Au regard de ces éléments et de ceux développés plus haut concernant les fautes du fournisseur et du poseur, il apparaît que la responsabilité de la société P. Bois est prépondérante tandis que celle de la société Menuiserie L. est secondaire.

Le partage de responsabilité est fixé à 80% pour la société P. et 20% pour la société Menuiseries L. et il est fait doit aux demandes réciproques de garanties dans les limites ainsi fixées.

Sur les autres demandes

Les dispositions du jugement relatives aux dépens et à l'article 700 du CPC en première instance sont réformées.

Parties perdantes, la société Menuserie L. et la société P. Bois sont condamnées in solidum aux dépens de première intance, incluant les frais de référé et d'expertise, et aux dépens d'appel et à payer à la société le Patisseau et la société Motei ensemble la somme de 5 000 € sur le fondement de l'article 700 du CPC, leurs propres demandes à ce titre étant rejetées.

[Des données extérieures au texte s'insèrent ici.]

lemma proj_wt_eq_coset_leader_wt:
  fixes \<phi> :: "(nat \<Rightarrow> 'a::{field,finite}) \<Rightarrow> nat \<Rightarrow> 'a"
  assumes lin: "Vector_Spaces.linear vscale vscale \<phi>"
    and F_sub: "F \<subseteq> \<phi> ` unit_vec ` {..<n}"
    and F_covers: "\<forall>k<n. \<phi> (unit_vec k) \<noteq> 0 \<longrightarrow> (\<exists>f\<in>F. \<phi> (unit_vec k) \<in> V.span {f})"
    and y: "y \<in> vspace n"
  shows "proj_wt F (\<phi> y) = enat (coset_leader_wt n {x \<in> vspace n. \<phi> x = \<phi> y})"
proof -
  define S where "S = {x \<in> vspace n. \<phi> x = \<phi> y}"
  have "finite S"
    unfolding S_def by (rule finite_subset[OF _ finite_vspace]) auto
  moreover have "y \<in> S" using y by (simp add: S_def)
  ultimately have S: "finite S" "S \<noteq> {}" by auto
  have "coset_leader_wt n S \<in> hamming_wt n ` S"
    unfolding coset_leader_wt_def using S by (intro Min_in) auto
  then obtain x0 where x0: "coset_leader_wt n S = hamming_wt n x0" "x0 \<in> S"
    by (rule imageE)
  show ?thesis
    unfolding proj_wt_def S_def [symmetric]
  proof (rule antisym)
    obtain I where "I \<subseteq> F" "finite I" "card I \<le> hamming_wt n x0" "\<phi> y \<in> V.span I"
      using exists_span_card_le_hamming_wt[OF lin F_covers, of x0] x0(2) by (auto simp: S_def)
    then show "(INF I\<in>{I. I \<subseteq> F \<and> finite I \<and> \<phi> y \<in> V.span I}. enat (card I)) \<le> enat (coset_leader_wt n S)"
      using x0(1) by (intro INF_lower2[of I]) auto
  next
    show "enat (coset_leader_wt n S) \<le> (INF I\<in>{I. I \<subseteq> F \<and> finite I \<and> \<phi> y \<in> V.span I}. enat (card I))"
    proof (rule INF_greatest)
      fix I assume "I \<in> {I. I \<subseteq> F \<and> finite I \<and> \<phi> y \<in> V.span I}"
      then obtain x where "x \<in> S" "hamming_wt n x \<le> card I"
        using exists_preimage_hamming_wt_le_card[OF lin F_sub, of I "\<phi> y"] by (auto simp: S_def)
      moreover have "coset_leader_wt n S \<le> hamming_wt n x"
        unfolding coset_leader_wt_def using S(1) \<open>x \<in> S\<close> by (intro Min_le) auto
      ultimately show "enat (coset_leader_wt n S) \<le> enat (card I)" by simp
    qed
  qed
qed

theorem proposition6p3:
  fixes C :: "(nat \<Rightarrow> 'a::{field,finite}) set" and \<nu> :: nat
  assumes "C \<subseteq> vspace \<nu>" and "module.subspace vscale C"
  shows "\<exists>m. \<exists>F :: (nat \<Rightarrow> 'a) set. F \<subseteq> vspace m \<and> pairwise_indep F \<and>
           (\<forall>i\<le>\<nu>. alpha \<nu> C i = card {v \<in> vspace m. proj_wt F v = enat i})"
proof -
  obtain m \<phi> where lin: "Vector_Spaces.linear vscale vscale \<phi>" and onto: "\<phi> ` vspace \<nu> = vspace m"
    and C: "C = {x \<in> vspace \<nu>. \<phi> x = 0}"
    using exists_linear_onto_vspace_with_kernel[OF assms] by blast
  obtain F where F_sub: "F \<subseteq> \<phi> ` unit_vec ` {..<\<nu>}" and F_indep: "pairwise_indep F"
    and "\<forall>a\<in>\<phi> ` unit_vec ` {..<\<nu>}. a \<noteq> 0 \<longrightarrow> (\<exists>f\<in>F. a \<in> V.span {f})"
    using exists_pairwise_indep_representatives[of "\<phi> ` unit_vec ` {..<\<nu>}"] by auto
  then have F_covers: "\<forall>k<\<nu>. \<phi> (unit_vec k) \<noteq> 0 \<longrightarrow> (\<exists>f\<in>F. \<phi> (unit_vec k) \<in> V.span {f})"
    by simp
  have "\<phi> ` unit_vec ` {..<\<nu>} \<subseteq> vspace m"
    unfolding onto [symmetric] by (intro image_mono) (auto intro: unit_vec_in_vspace)
  with F_sub have F_vspace: "F \<subseteq> vspace m" by (rule subset_trans)
  have wt: "proj_wt F v = enat (coset_leader_wt \<nu> {x \<in> vspace \<nu>. \<phi> x = v})"
    if "v \<in> vspace m" for v
  proof -
    have "v \<in> \<phi> ` vspace \<nu>" using that onto by simp
    then obtain y where "v = \<phi> y" "y \<in> vspace \<nu>" by (rule imageE)
    then show ?thesis using proj_wt_eq_coset_leader_wt[OF lin F_sub F_covers] by simp
  qed
  have "alpha \<nu> C i = card {v \<in> vspace m. proj_wt F v = enat i}" for i
    unfolding alpha_eq_card_fibers[OF lin onto C]
    by (intro arg_cong[where f = card] Collect_cong) (auto simp: wt)
  with F_vspace F_indep show ?thesis by blast
qed

end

Par ces motifs Statuant publiquement et par arrêt contradictoire, Infirme le jugement entrepris sauf en ce qu'il a déclaré la société Le Patisseau recevable en sa demande, Statuant à nouveau et y addictant ; Condamne in soldum la société P. Bois et la société Menuiseries L. à payer à la société Le Patisseau les sommes suivantes : - 28 795 € HT, outre indexation sur l'indice BT 01 du coût de la construction, de février 2015 jusqu'au jour de l'arrêt, au titre des travaux de reprise, - 2 000 € au titre du préjudice de jouissance, Dit que la charge définitive des condamnations ci-dessus prononcées sera supportée à hauteur de 80 % par la société P. Bois et 20 % par la société Menuiserie L., Condamne la société P. Bois et la société Menuiseries L. à se garantir dans les limites ainsi fixées, Condamne in soldum la société P. Bois et la société Menuiseries L. aux dépens de première instance incluant les frais de référé et d'expertise, et aux dépens d'appel, qui seront recouvrés conformément aux dispositions de l'article 699 du CPC, Condamne in soldum la société P. Bois et la société Menuiseries L. à payer à la société Le Patisseau et la société Motei ensemble la somme de 5 000 € sur le fondement de l'article 700 du CPC, Dit que la charge définitive des condamnations aux dépens et au titre de l'article 700 du CPC sera supportée à hauteur de 80 % par la société P. Bois et 20 % par la société Menuiserie L., Condamne la société P. Bois et la société Menuiseries L. à se garantir dans les limites ainsi fixées, Rejette le surplus des demandes.